The problem: Once you find the line that contains "then show ?thesis using C2[OF", write out that line and every line after it to the end of the records, exactly and with nothing else.

Saved data entries
*-*-*
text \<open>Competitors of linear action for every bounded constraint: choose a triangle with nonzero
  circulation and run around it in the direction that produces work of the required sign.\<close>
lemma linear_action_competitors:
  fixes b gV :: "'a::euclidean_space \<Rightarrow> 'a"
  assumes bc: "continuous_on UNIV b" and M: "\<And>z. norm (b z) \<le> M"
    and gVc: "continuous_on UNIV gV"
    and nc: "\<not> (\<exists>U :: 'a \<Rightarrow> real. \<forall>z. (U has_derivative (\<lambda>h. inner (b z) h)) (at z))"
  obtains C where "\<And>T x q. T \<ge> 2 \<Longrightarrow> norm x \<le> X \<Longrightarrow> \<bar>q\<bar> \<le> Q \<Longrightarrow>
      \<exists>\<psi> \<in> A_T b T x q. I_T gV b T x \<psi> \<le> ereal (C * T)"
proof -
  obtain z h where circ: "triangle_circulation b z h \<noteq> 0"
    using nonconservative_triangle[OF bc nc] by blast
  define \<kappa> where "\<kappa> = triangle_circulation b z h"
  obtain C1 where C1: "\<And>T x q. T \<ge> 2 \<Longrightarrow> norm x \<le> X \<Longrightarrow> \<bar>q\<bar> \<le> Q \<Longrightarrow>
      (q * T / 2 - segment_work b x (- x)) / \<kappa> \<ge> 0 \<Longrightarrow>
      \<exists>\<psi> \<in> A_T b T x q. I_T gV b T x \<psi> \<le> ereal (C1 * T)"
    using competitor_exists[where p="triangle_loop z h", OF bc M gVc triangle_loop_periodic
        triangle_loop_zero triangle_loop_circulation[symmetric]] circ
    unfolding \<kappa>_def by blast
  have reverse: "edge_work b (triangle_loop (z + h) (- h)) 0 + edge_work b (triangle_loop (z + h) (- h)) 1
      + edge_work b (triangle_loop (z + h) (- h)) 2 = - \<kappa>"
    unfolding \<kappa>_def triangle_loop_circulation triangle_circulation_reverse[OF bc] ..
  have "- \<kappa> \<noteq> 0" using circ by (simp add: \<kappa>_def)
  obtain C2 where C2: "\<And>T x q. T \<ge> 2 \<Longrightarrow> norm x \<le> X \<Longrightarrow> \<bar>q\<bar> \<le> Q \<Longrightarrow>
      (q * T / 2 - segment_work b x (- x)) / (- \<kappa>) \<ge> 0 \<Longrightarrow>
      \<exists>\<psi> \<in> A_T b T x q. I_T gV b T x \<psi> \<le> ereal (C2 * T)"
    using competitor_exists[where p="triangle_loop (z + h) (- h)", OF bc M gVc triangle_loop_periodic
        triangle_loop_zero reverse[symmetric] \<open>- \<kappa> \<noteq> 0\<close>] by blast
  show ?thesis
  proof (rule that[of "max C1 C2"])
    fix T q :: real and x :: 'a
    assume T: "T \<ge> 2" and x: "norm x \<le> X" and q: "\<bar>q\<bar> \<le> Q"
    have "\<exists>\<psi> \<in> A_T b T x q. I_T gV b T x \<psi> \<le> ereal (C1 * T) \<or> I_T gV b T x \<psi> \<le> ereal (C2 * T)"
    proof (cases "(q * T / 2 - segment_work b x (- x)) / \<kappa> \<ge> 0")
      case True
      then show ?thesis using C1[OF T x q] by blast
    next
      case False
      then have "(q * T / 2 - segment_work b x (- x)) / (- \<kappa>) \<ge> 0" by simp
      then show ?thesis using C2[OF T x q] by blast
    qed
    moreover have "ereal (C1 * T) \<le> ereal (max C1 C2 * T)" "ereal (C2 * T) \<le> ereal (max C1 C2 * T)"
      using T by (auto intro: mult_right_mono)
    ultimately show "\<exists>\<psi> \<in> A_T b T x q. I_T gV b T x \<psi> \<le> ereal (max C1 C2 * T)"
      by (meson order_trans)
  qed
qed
*-*-*
Answer to this problem:
      then show ?thesis using C2[OF T x q] by blast
    qed
    moreover have "ereal (C1 * T) \<le> ereal (max C1 C2 * T)" "ereal (C2 * T) \<le> ereal (max C1 C2 * T)"
      using T by (auto intro: mult_right_mono)
    ultimately show "\<exists>\<psi> \<in> A_T b T x q. I_T gV b T x \<psi> \<le> ereal (max C1 C2 * T)"
      by (meson order_trans)
  qed
qed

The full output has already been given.